Description of the task:
Of the entries below, return exactly those lines that fall between the one containing "using lim unfolding" and the one containing "using assms by (auto", the two end lines included.

Material for this task:
------

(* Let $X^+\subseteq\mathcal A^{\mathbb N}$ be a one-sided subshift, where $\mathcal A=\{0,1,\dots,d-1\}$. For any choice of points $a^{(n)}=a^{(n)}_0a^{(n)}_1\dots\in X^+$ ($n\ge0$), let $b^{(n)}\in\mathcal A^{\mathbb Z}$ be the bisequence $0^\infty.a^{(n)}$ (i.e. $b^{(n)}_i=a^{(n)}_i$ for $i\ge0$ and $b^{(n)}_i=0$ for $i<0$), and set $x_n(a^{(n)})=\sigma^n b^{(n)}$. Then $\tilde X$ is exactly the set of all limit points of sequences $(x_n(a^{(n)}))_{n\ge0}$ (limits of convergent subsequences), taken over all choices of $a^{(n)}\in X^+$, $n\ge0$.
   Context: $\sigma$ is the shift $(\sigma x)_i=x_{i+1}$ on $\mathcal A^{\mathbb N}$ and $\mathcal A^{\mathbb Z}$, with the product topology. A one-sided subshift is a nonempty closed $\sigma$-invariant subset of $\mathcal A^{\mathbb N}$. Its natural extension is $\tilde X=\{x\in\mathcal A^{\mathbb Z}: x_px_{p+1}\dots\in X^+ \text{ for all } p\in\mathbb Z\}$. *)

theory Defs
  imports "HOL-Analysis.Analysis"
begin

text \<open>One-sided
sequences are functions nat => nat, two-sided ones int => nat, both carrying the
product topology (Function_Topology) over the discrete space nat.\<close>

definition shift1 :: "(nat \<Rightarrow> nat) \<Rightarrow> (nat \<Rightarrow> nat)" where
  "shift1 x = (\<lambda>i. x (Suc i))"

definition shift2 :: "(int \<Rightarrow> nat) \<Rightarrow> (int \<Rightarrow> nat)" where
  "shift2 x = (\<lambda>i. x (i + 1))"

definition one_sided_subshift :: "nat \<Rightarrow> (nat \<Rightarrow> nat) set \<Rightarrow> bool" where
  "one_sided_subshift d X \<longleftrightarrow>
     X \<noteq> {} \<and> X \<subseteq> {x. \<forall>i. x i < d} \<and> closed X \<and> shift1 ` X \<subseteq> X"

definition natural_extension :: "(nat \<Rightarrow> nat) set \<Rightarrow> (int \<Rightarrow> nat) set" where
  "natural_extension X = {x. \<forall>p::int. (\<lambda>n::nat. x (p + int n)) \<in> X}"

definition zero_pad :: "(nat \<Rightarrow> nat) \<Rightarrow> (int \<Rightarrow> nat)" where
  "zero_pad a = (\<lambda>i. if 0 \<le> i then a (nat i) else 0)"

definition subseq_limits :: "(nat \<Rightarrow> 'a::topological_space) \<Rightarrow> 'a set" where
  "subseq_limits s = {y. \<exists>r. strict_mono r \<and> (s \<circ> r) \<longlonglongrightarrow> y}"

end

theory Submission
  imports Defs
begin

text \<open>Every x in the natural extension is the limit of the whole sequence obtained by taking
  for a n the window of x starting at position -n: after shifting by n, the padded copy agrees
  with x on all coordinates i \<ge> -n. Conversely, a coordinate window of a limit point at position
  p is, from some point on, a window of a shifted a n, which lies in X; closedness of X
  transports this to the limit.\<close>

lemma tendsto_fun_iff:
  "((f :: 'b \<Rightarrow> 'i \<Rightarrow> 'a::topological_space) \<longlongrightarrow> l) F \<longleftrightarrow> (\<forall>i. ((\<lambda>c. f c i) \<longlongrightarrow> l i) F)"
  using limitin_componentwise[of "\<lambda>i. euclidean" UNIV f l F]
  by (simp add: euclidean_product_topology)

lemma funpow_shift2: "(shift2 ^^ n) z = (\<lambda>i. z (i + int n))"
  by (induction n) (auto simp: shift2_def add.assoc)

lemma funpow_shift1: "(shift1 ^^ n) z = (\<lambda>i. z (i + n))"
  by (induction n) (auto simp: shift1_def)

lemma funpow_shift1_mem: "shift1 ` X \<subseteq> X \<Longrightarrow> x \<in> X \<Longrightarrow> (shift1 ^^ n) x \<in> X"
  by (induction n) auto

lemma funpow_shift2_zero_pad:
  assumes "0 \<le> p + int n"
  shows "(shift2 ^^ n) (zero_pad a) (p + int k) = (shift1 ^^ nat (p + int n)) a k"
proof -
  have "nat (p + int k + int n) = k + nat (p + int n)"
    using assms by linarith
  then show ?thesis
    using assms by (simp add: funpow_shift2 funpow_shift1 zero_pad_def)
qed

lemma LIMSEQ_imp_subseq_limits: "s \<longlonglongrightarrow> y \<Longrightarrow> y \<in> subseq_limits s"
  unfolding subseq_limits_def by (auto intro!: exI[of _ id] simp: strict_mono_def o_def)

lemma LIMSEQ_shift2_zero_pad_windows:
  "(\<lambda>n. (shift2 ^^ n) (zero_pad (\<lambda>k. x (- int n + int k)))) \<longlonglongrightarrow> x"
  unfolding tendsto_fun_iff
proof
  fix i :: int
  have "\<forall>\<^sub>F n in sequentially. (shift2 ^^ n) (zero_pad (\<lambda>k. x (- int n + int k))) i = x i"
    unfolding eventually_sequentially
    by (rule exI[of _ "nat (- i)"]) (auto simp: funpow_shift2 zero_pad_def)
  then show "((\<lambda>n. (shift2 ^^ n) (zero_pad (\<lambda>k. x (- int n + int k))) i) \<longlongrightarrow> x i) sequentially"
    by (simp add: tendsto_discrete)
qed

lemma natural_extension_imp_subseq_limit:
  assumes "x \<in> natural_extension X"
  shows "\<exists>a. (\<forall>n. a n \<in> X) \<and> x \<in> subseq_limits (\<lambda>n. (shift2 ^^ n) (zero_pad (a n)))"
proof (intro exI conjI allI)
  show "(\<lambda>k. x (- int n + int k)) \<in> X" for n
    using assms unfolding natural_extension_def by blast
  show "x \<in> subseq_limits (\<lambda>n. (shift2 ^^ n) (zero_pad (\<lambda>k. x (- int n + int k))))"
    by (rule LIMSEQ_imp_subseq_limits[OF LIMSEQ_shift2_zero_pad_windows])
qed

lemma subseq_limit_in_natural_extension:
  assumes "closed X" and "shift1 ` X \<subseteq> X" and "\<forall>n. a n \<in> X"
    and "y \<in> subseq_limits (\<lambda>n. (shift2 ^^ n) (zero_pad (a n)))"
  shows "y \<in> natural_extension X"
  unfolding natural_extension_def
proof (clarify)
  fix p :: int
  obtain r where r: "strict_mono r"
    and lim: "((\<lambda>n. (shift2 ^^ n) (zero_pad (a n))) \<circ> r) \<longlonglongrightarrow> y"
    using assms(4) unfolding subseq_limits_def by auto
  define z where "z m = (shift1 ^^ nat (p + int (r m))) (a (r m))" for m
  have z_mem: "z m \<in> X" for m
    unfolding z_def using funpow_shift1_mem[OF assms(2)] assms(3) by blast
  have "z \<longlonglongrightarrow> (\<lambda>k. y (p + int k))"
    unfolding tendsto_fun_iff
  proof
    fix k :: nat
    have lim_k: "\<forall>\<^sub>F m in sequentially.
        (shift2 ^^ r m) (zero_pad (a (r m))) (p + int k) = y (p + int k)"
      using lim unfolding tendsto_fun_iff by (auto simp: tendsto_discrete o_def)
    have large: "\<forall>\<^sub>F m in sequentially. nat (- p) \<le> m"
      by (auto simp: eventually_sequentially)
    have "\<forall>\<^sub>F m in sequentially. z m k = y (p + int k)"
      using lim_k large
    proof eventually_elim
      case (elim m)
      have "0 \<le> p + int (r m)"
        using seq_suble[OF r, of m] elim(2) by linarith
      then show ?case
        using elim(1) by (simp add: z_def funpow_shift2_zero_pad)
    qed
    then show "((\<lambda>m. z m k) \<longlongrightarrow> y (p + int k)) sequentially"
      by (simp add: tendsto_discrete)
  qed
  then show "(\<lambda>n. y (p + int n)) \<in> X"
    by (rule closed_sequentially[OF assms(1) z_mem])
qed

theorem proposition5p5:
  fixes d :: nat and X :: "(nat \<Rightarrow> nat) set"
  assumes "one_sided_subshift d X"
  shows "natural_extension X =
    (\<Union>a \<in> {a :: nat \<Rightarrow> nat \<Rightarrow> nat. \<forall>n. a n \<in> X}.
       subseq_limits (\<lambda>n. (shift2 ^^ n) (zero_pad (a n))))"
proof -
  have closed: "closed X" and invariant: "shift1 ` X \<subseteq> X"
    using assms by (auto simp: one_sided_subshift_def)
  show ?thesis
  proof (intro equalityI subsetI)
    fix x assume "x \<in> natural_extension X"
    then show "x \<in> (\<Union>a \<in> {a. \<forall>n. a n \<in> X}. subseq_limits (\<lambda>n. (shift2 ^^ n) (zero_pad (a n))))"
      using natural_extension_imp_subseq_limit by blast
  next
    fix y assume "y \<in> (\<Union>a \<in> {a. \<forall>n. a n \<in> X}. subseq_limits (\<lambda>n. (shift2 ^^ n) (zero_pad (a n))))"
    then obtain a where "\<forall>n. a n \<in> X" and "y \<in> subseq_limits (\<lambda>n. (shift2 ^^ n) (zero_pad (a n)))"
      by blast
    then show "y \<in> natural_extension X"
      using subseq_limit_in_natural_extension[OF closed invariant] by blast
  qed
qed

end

------

Response area:
      using lim unfolding tendsto_fun_iff by (auto simp: tendsto_discrete o_def)
    have large: "\<forall>\<^sub>F m in sequentially. nat (- p) \<le> m"
      by (auto simp: eventually_sequentially)
    have "\<forall>\<^sub>F m in sequentially. z m k = y (p + int k)"
      using lim_k large
    proof eventually_elim
      case (elim m)
      have "0 \<le> p + int (r m)"
        using seq_suble[OF r, of m] elim(2) by linarith
      then show ?case
        using elim(1) by (simp add: z_def funpow_shift2_zero_pad)
    qed
    then show "((\<lambda>m. z m k) \<longlongrightarrow> y (p + int k)) sequentially"
      by (simp add: tendsto_discrete)
  qed
  then show "(\<lambda>n. y (p + int n)) \<in> X"
    by (rule closed_sequentially[OF assms(1) z_mem])
qed

theorem proposition5p5:
  fixes d :: nat and X :: "(nat \<Rightarrow> nat) set"
  assumes "one_sided_subshift d X"
  shows "natural_extension X =
    (\<Union>a \<in> {a :: nat \<Rightarrow> nat \<Rightarrow> nat. \<forall>n. a n \<in> X}.
       subseq_limits (\<lambda>n. (shift2 ^^ n) (zero_pad (a n))))"
proof -
  have closed: "closed X" and invariant: "shift1 ` X \<subseteq> X"
    using assms by (auto simp: one_sided_subshift_def)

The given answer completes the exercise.